Build and Installation of SST/macro

Downloading

SST/macro is available at http://bitbucket.org/sst-ca/sstmacro. You can get SST/macro in the following ways:

Download a .tar of a release on the downloads page \ (bitbucket.org/sst-ca/sstmacro/downloads)
Download a .tar of the repository on the main overview page
Clone the repository with Mercurial.

If you're using Mercurial, you can run the command:

1 $ hg clone http://bitbucket.org/sst-ca/sstmacro -r default

The -r default only downloads the current development branch and can be omitted if you want to bring in the entire history. The download can take a very long time on some systems to generate the "deltas" in the revision history. You can save yourself a lot of waiting by only downloading the default revision. If you're behind a firewall, make sure the http proxy is set in your ~/.hgrc file:

 [http_proxy]
 host=path-to-proxy:prox-port 
 [https_proxy] 
 host=path-to-proxy:prox-port 

If you'd like to use ssh for convenience, you'll have to modify your clone slightly by adding the "hg" username:

1 $ hg clone ssh://hg@bitbucket.org/sst-ca/sstmacro

and also add your public key to your bitbucket user account. Also, SST/macro uses subrepos, so for using ssh you should add the following to your ~/.hgrc

 [subpaths]
 https://bitbucket.org/sst-ca/dumpi = \
         ssh://hg@bitbucket.org/sst-ca/dumpi
 https://bitbucket.org/sst-ca/sstmacro-pth = \
         ssh://hg@bitbucket.org/sst-ca/sstmacro-pth

so that the http requests are converted to ssh.

Dependencies

A C/C++ compiler is required. gcc 4.2 and onward is known to work.
(optional, recommended) Qt libraries and build system (qmake) are needed to build the GUI input configuration tool. Qt 5.0 and above are suggested, although 4.9 has been observed in the wild to work (Section Building the GUI).
(optional) Mercurial is needed in order to clone the source code repository, but you can also download a tar (Section Downloading).
(optional, recommended) Autoconf and related tools are needed unless you are using an unmodified release or snapshot tar archive.
- Autoconf: 2.64 or later should work and 2.68 is known to work
- Automake: 1.11 or later should work and 1.11.1 is known to work
- Libtool: 2.2.6 or later should work and 2.4 is known to work
(optional) Doxygen and Graphviz are needed to build the documentation.
(optional) Graphviz is needed to collect call graphs.
(optional) VTK is needed for advanced vis features.
(optional) Python with the argparse module installed is required to run UPC skeletons. Python 2.7 and on should have this.
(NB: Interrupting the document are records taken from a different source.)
(* For $d\ge2$, $V^{(1)}_{d-1}=\{v\in V_{d-1}:\alpha_{d-1}(v)=\mathrm{id}\}$ and $V^{(2)}_{d-1}=\{v\in V_{d-1}:\alpha_{0X^{d-2}}(v)=\alpha_{1X^{d-2}}(v)=\mathrm{id}\}$.
   Context: Let $X=\{0,1\}$, $G(d)$ the automorphism group of the finite binary rooted tree of words of length $\le d$; finite sections $g(wv)=g(w)g_w(v)$. $C_2=\{\mathrm{id},\sigma\}$ written additively; $\alpha(g)=\sigma$ if $g(0)=1$ and $\mathrm{id}$ otherwise; $\alpha_{(w)}(g)=\alpha(g_w)$; for finite $S$, $\alpha_S(g)=\sum_{w\in S}\alpha_{(w)}(g)$; $\alpha_k=\alpha_{X^k}$ with $X^k$ the words of length $k$; $xX^k=\{xw:w\in X^k\}$. $V_{d-1}=G(d)_{d-1}$ is the level-$(d-1)$ stabilizer of $G(d)$; $V^{(0)}_{d-1}=V_{d-1}$ and $V^{(i+1)}_{d-1}=[G(d),V^{(i)}_{d-1}]$. *)

theory Defs
  imports "HOL-Algebra.Generated_Groups" "HOL-Library.Z2"
begin

text \<open>Vertices of the binary rooted tree: words over X = {0,1}, encoded as bool lists
  (False = 0, True = 1). The finite tree of depth d consists of the words of length at most d.\<close>

definition words_le :: "nat \<Rightarrow> bool list set" where
  "words_le d = {w. length w \<le> d}"

definition Xpow :: "nat \<Rightarrow> bool list set" where
  "Xpow k = {w. length w = k}"

definition prefixed :: "bool \<Rightarrow> nat \<Rightarrow> bool list set" where
  "prefixed x k = (\<lambda>w. x # w) ` Xpow k"

text \<open>Automorphisms of the tree of depth d: bijections of the vertex set preserving
  the length of words and the prefix relation (i.e. the tree structure); extended by the
  identity outside the tree so that equality of automorphisms is equality of functions.\<close>
definition is_tree_aut :: "nat \<Rightarrow> (bool list \<Rightarrow> bool list) \<Rightarrow> bool" where
  "is_tree_aut d g \<longleftrightarrow>
     bij_betw g (words_le d) (words_le d)
   \<and> (\<forall>w \<in> words_le d. length (g w) = length w)
   \<and> (\<forall>u v. u @ v \<in> words_le d \<longrightarrow> (\<exists>x. g (u @ v) = g u @ x))
   \<and> (\<forall>w. w \<notin> words_le d \<longrightarrow> g w = w)"

definition Gd :: "nat \<Rightarrow> (bool list \<Rightarrow> bool list) monoid" where
  "Gd d = \<lparr> carrier = {g. is_tree_aut d g}, mult = (\<lambda>g h. g \<circ> h), one = id \<rparr>"

text \<open>Section g_w, determined by g(wv) = g(w) g_w(v).\<close>
definition tree_section :: "(bool list \<Rightarrow> bool list) \<Rightarrow> bool list \<Rightarrow> bool list \<Rightarrow> bool list" where
  "tree_section g w v = drop (length w) (g (w @ v))"

text \<open>C_2 = {id, sigma} written additively is rendered as the type bit (Z/2):
  id = 0, sigma = 1.\<close>
definition alpha :: "(bool list \<Rightarrow> bool list) \<Rightarrow> bit" where
  "alpha g = (if g [False] = [True] then 1 else 0)"

definition alpha_at :: "bool list \<Rightarrow> (bool list \<Rightarrow> bool list) \<Rightarrow> bit" where
  "alpha_at w g = alpha (tree_section g w)"

definition alpha_S :: "bool list set \<Rightarrow> (bool list \<Rightarrow> bool list) \<Rightarrow> bit" where
  "alpha_S S g = (\<Sum>w\<in>S. alpha_at w g)"

definition level_stab :: "nat \<Rightarrow> nat \<Rightarrow> (bool list \<Rightarrow> bool list) set" where
  "level_stab d n = {g \<in> carrier (Gd d). \<forall>w. length w = n \<longrightarrow> g w = w}"

definition comm_sub :: "nat \<Rightarrow> (bool list \<Rightarrow> bool list) set \<Rightarrow> (bool list \<Rightarrow> bool list) set
    \<Rightarrow> (bool list \<Rightarrow> bool list) set" where
  "comm_sub d A B = generate (Gd d)
     {g \<otimes>\<^bsub>Gd d\<^esub> h \<otimes>\<^bsub>Gd d\<^esub> inv\<^bsub>Gd d\<^esub> g \<otimes>\<^bsub>Gd d\<^esub> inv\<^bsub>Gd d\<^esub> h | g h. g \<in> A \<and> h \<in> B}"

text \<open>V^{(0)}_{d-1} = V_{d-1}, V^{(i+1)}_{d-1} = [G(d), V^{(i)}_{d-1}].\<close>
fun Vser :: "nat \<Rightarrow> nat \<Rightarrow> (bool list \<Rightarrow> bool list) set" where
  "Vser d 0 = level_stab d (d - 1)"
| "Vser d (Suc i) = comm_sub d (carrier (Gd d)) (Vser d i)"

end

theory Submission
  imports Defs
begin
Configuration and Building

For a list of known compatible systems, see in the PDF manual.

Once SST/macro is extracted to a directory, we recommend the following as a baseline configuration, including building outside the source tree:

 sstmacro$ ./bootstrap.sh
 sstmacro$ mkdir build
 sstmacro$ cd build
 sstmacro/build$ ../configure --prefix=/path-to-install 

A complete list of options can be seen by running `../configure –help'. Some common options:

–enable-graphviz : Enables the collection of simulated call graphs, which can be viewed with graphviz.
–with-qt=$QMAKE: Direct SST/macro to the qmake executable. If no value is specified, it just assumes qmake is in your $PATH (see Section Building the GUI).
–enable-custom-new : Memory is allocated in larger chunks in the simulator, which can speed up large simulations.
–enable-fortran : Enable support for running fortran skeletons.
–enable-mpiparallel: Enable parallel discrete event simulation in distributed memory over MPI. See Section Parallel Simulations.
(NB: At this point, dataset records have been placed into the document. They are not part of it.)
lemma inner_YR_column:
  assumes "simple_digraph V E" "j \<in> V"
  shows "u \<bullet> YR_column V E y k j = laplacian E k (\<lambda>i. u \<bullet> y i) j"
  using sum_rect_laplacian[OF assms] by (simp add: YR_column_def inner_sum_right)

lemma kinetic_subspace_eq_span:
  assumes "finite V"
  shows "kinetic_subspace V E y k = span (YR_column V E y k ` sources V E)"
proof
  show "kinetic_subspace V E y k \<subseteq> span (YR_column V E y k ` sources V E)"
    unfolding kinetic_subspace_def YR_eq_sum_columns
    by (blast intro: span_sum span_scale span_base)
  have finite_sources: "finite (sources V E)"
    using assms by (auto simp: sources_def)
  have "YR_column V E y k j = YR V E y k (\<lambda>j'. if j' = j then 1 else 0)" if "j \<in> sources V E" for j
  proof -
    have "YR V E y k (\<lambda>j'. if j' = j then 1 else 0)
          = (\<Sum>j'\<in>sources V E. if j' = j then YR_column V E y k j' else 0)"
      unfolding YR_eq_sum_columns by (rule sum.cong) auto
    then show ?thesis using that finite_sources by simp
  qed
  then have columns: "YR_column V E y k ` sources V E \<subseteq> kinetic_subspace V E y k"
    by (auto simp: kinetic_subspace_def)
  have "subspace (kinetic_subspace V E y k)"
    unfolding subspace_def kinetic_subspace_def
  proof (intro conjI ballI allI)
    show "0 \<in> range (YR V E y k)"
      by (rule range_eqI[of _ _ "\<lambda>_. 0"]) (simp add: YR_eq_sum_columns)
    show "p + q \<in> range (YR V E y k)" if "p \<in> range (YR V E y k)" "q \<in> range (YR V E y k)" for p q
      using that by (auto simp: YR_add[symmetric])
    show "c *\<^sub>R p \<in> range (YR V E y k)" if "p \<in> range (YR V E y k)" for c p
      using that by (auto simp: YR_scale[symmetric])
  qed
  with columns show "span (YR_column V E y k ` sources V E) \<subseteq> kinetic_subspace V E y k"
    by (rule span_minimal)
qed

lemma subspace_eq_orthogonal_comp:
  fixes A :: "'a :: euclidean_space set"
  assumes "subspace A" "orthogonal_comp A = B"
  shows "A = orthogonal_comp B"
  using orthogonal_comp_self[OF assms(1)] assms(2) by simp

lemma orthogonal_comp_span: "orthogonal_comp (span G) = {u. \<forall>g\<in>G. orthogonal g u}"
  by (auto simp: orthogonal_comp_def orthogonal_commute intro: span_base orthogonal_to_span)

lemma constant_on_iff_pairwise: "f constant_on A \<longleftrightarrow> (\<forall>i\<in>A. \<forall>j\<in>A. f i = f j)"
  unfolding constant_on_def by (cases "A = {}") auto

lemma orthogonal_comp_source_subspace:
  "orthogonal_comp (source_subspace V E y) = constant_on_complexes (sources V E) y"
proof -
  have "orthogonal (y i - y i') u \<longleftrightarrow> u \<bullet> y i = u \<bullet> y i'" for i i' u
    by (simp add: orthogonal_def inner_diff_left inner_diff_right inner_commute)
  then show ?thesis
    unfolding source_subspace_def orthogonal_comp_span constant_on_complexes_def
      constant_on_iff_pairwise
    by blast
qed

context unique_terminal_scc
begin

lemma orthogonal_comp_stoich_subspace:
  "orthogonal_comp (stoich_subspace E y) = constant_on_complexes V y"
proof -
  have "(\<lambda>i. u \<bullet> y i) constant_on V \<longleftrightarrow> (\<forall>(i, i')\<in>E. u \<bullet> y i' = u \<bullet> y i)" for u
  proof
    assume edge: "\<forall>(i, i')\<in>E. u \<bullet> y i' = u \<bullet> y i"
    have "u \<bullet> y b = u \<bullet> y a" if "(a, b) \<in> E\<^sup>*" for a b
      using that edge by (induction rule: rtrancl_induct) auto
    then show "(\<lambda>i. u \<bullet> y i) constant_on V"
      using reaches_root unfolding constant_on_def by metis
  qed (use edges_in_vertices in \<open>auto simp: constant_on_def\<close>)
  moreover have "orthogonal (y i' - y i) u \<longleftrightarrow> u \<bullet> y i' = u \<bullet> y i" for i i' u
    by (simp add: orthogonal_def inner_diff_left inner_diff_right inner_commute)
  ultimately show ?thesis
    unfolding stoich_subspace_def orthogonal_comp_span constant_on_complexes_def
    by blast
qed

lemma orthogonal_comp_kinetic_subspace:
  assumes rc: "rate_constants E k"
  shows "orthogonal_comp (kinetic_subspace V E y k) = constant_on_complexes V y"
proof -
  have "orthogonal (YR_column V E y k j) u \<longleftrightarrow> laplacian E k (\<lambda>i. u \<bullet> y i) j = 0"
    if "j \<in> sources V E" for j u
    using inner_YR_column[OF simple subsetD[OF sources_subset that], of u y k]
    by (simp add: orthogonal_def inner_commute[of "YR_column V E y k j"])
  then have "orthogonal_comp (kinetic_subspace V E y k)
        = {u. \<forall>j\<in>sources V E. laplacian E k (\<lambda>i. u \<bullet> y i) j = 0}"
    by (auto simp: kinetic_subspace_eq_span[OF finite_vertices] orthogonal_comp_span)
  also have "\<dots> = constant_on_complexes V y"
    using harmonic_constant_on[OF rc] laplacian_constant_on[OF edges_in_vertices] sources_subset
    by (auto simp: constant_on_complexes_def)
  finally show ?thesis .
qed

lemma orthogonal_comp_source_subspace_positive_kernel:
  assumes rc: "rate_constants E k" and pk: "positive_kernel V E y k"
  shows "orthogonal_comp (source_subspace V E y) = constant_on_complexes V y"
proof -
  obtain x where x_pos: "\<And>j. j \<in> sources V E \<Longrightarrow> 0 < x j" and x_ker: "YR V E y k x = 0"
    using pk by (auto simp: positive_kernel_def)
  have "(\<Sum>j\<in>sources V E. x j * laplacian E k (\<lambda>i. u \<bullet> y i) j) = 0" for u
  proof -
    have "(\<Sum>j\<in>sources V E. x j * laplacian E k (\<lambda>i. u \<bullet> y i) j) = u \<bullet> YR V E y k x"
      unfolding YR_eq_sum_columns inner_sum_right
      by (rule sum.cong) (simp_all add: inner_YR_column[OF simple subsetD[OF sources_subset]])
    then show ?thesis using x_ker by simp
  qed
  then have "constant_on_complexes (sources V E) y = constant_on_complexes V y"
    using constant_on_sources_imp_constant_on[OF rc x_pos] constant_on_subset[OF _ sources_subset]
    by (auto simp: constant_on_complexes_def)
  then show ?thesis by (simp add: orthogonal_comp_source_subspace)
qed

end

theorem lemma13:
  fixes V :: "'v set" and E :: "('v \<times> 'v) set"
    and y :: "'v \<Rightarrow> real ^ 'n" and k :: "'v \<times> 'v \<Rightarrow> real"
  assumes "simple_digraph V E"
    and "rate_constants E k"
    and "num_terminal V E = 1"
    and "positive_kernel V E y k"
  shows "kinetic_subspace V E y k = source_subspace V E y
         \<and> source_subspace V E y = stoich_subspace E y
         \<and> dependency V E y = deficiency V E y + int (num_terminal_nontrivial V E) - 1"
proof -
  obtain t where "unique_terminal_scc V E t"
    using assms(1,3) by (rule unique_terminal_sccE)
  then interpret unique_terminal_scc V E t .
  have K: "kinetic_subspace V E y k = orthogonal_comp (constant_on_complexes V y)"
    by (rule subspace_eq_orthogonal_comp[OF _ orthogonal_comp_kinetic_subspace[OF assms(2)]])
       (simp add: kinetic_subspace_eq_span[OF finite_vertices])
  have L: "source_subspace V E y = orthogonal_comp (constant_on_complexes V y)"
    by (rule subspace_eq_orthogonal_comp[OF _ orthogonal_comp_source_subspace_positive_kernel[OF assms(2,4)]])
       (simp add: source_subspace_def)
  have S: "stoich_subspace E y = orthogonal_comp (constant_on_complexes V y)"
    by (rule subspace_eq_orthogonal_comp[OF _ orthogonal_comp_stoich_subspace])
       (simp add: stoich_subspace_def)
  have "dependency V E y = deficiency V E y + int (num_terminal_nontrivial V E) - 1"
    unfolding dependency_def deficiency_def num_linkage_classes_eq_1 card_sources L S by simp
  with K L S show ?thesis by simp
qed

end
Once configuration has completed, printing a summary of the things it found, simply type `make'. It is recommended to use the `-j' option for a parallel build with as many cores as you have (otherwise it will take quite a while).

Post-Build

If the build did not succeed, check Known Issues for known issues, or contact SST/macro support for help (sstma.nosp@m.cro-.nosp@m.suppo.nosp@m.rt@g.nosp@m.oogle.nosp@m.grou.nosp@m.ps.co.nosp@m.m).

If the build was successful, it is recommended to run the range of tests to make sure nothing went wrong. To do this, and also install SST/macro to the install path specified during installation, run the following commands:

 sstmacro/build$ make -j8 check
 sstmacro/build$ sudo make install
 sstmacro/build$ export PATH=$PATH:/path-to-install
 sstmacro/build$ make -j8 installcheck

Make check runs all the tests we use for development, which checks all functionality of the simulator. Make installcheck compiles some of the skeletons that come with SST/macro, linking against the installation.
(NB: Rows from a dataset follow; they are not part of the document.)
lemma card_eq_prod_S_set:
  assumes "T1 A"
  shows "card A = (\<Prod>s\<in>S_set A. aprimedivisor s)"
proof -
  have "(of_nat (card A) :: complex) = (\<Prod>s\<in>S_set A. poly (cyclotomic s) 1)"
    using assms by (simp add: T1_def poly_mask_poly_1)
  also have "\<dots> = of_nat (\<Prod>s\<in>S_set A. aprimedivisor s)"
    by (simp add: S_set_def poly_cyclotomic_primepow_1)
  finally show ?thesis
    by (simp only: of_nat_eq_iff)
qed

lemma sum_reduced_fractions_pairwise_coprime:
  fixes c :: "'a \<Rightarrow> int" and m :: "'a \<Rightarrow> nat"
  assumes "finite I" "\<And>i. i \<in> I \<Longrightarrow> m i > 0" "\<And>i. i \<in> I \<Longrightarrow> coprime (c i) (int (m i))"
    "pairwise (\<lambda>i j. coprime (m i) (m j)) I"
  shows "\<exists>J. (\<Sum>i\<in>I. c i / m i) = J / (\<Prod>i\<in>I. m i) \<and> coprime J (int (\<Prod>i\<in>I. m i))"
  using assms
proof (induction I rule: finite_induct)
  case empty
  show ?case by simp
next
  case (insert i I)
  define M where "M = (\<Prod>j\<in>I. m j)"
  obtain J' where J': "(\<Sum>j\<in>I. c j / m j) = J' / M" "coprime J' (int M)"
    using insert by (auto simp: M_def pairwise_insert)
  have "coprime (m i) M"
    using insert.hyps insert.prems(3) unfolding M_def
    by (intro prod_coprime_right) (auto simp: pairwise_insert)
  then have coprime_i: "coprime (int (m i)) (int M)"
    by simp
  have "m i > 0" "M > 0"
    using insert.prems(1) by (auto simp: M_def intro!: prod_pos)
  define J where "J = c i * int M + J' * int (m i)"
  have "gcd J (int (m i)) = gcd (c i * int M) (int (m i))"
    unfolding J_def by (metis gcd.commute add.commute gcd_add_mult)
  moreover have "coprime (c i * int M) (int (m i))"
    using insert.prems(2) coprime_i by (simp add: coprime_commute)
  ultimately have coprime_J_i: "coprime J (int (m i))"
    by (simp add: coprime_iff_gcd_eq_1)
  have "gcd J (int M) = gcd (J' * int (m i)) (int M)"
    unfolding J_def by (metis gcd.commute gcd_add_mult mult.commute)
  moreover have "coprime (J' * int (m i)) (int M)"
    using J'(2) coprime_i by simp
  ultimately have coprime_J_M: "coprime J (int M)"
    by (simp add: coprime_iff_gcd_eq_1)
  have "c i / m i + J' / M = J / (m i * M)"
    using \<open>m i > 0\<close> \<open>M > 0\<close> by (simp add: J_def field_simps)
  then show ?case
    using insert.hyps J'(1) coprime_J_i coprime_J_M by (auto simp: M_def)
qed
Important: After SST/macro is installed, add /path-to-install/bin to your PATH variable (we keep it in our .bashrc, .profile, etc). Applications and other code linking to SST/macro use Makefiles that use the sst++ compiler wrapper that is installed there for convenience to figure out where headers and libraries are. If you are building a skeleton (or running make installcheck) and you get errors along the lines of "can't find sst++", you probably forgot this step.

Known Issues

Any build or runtime problems should be reported to sstma.nosp@m.cro-.nosp@m.devel.nosp@m.@goo.nosp@m.glegr.nosp@m.oups.nosp@m..com. We try to respond as quickly as possible.
make -j: When doing a parallel compile dependency problems can occur. There are a lot of inter-related libraries and files. Sometimes the Makefile dependency tracker gets ahead of itself and you will get errors about missing libraries and header files. If this occurs, restart the compilation. If the error vanishes, it was a parallel dependency problem. If the error persists, then it's a real bug.
Ubuntu: The Ubuntu linker performs too much optimization on dynamically linked executables. Some call it a feature. I call it a bug. In the process it throws away symbols it actually needs later. This occurs when the executable depends on libA which depends on libB. The executable has no direct dependence on any symbols in libB. Even if you add -lB to the LDFLAGS or LDADD variables, the linker ignores them and throws the library out. It takes a dirty hack to force the linkage. If you get weird undefined reference errors, these can usually be removed by including the header file sstmac/force_link.h. If there are issues, contact the developers at sstma.nosp@m.cro-.nosp@m.devel.nosp@m.@goo.nosp@m.glegr.nosp@m.oups.nosp@m..com and report the problem. It can be fixed easily enough.
Compilation with clang should work, although the compiler is very sensitive. In particular, template code which is correct and compiles on several other platforms can mysteriously fail. Tread with caution.

Building DUMPI

By default, DUMPI is configured and built along with SST/macro with support for reading and parsing DUMPI traces, known as libundumpi. DUMPI binaries and libraries are also installed along with everything for SST/macro during make install. DUMPI can be used as it's own library within the SST/macro source tree by changing to sstmacro/dumpi, where you can change its configuration options. It is not recommended to disable libundumpi support, which wouldn't make much sense anyway.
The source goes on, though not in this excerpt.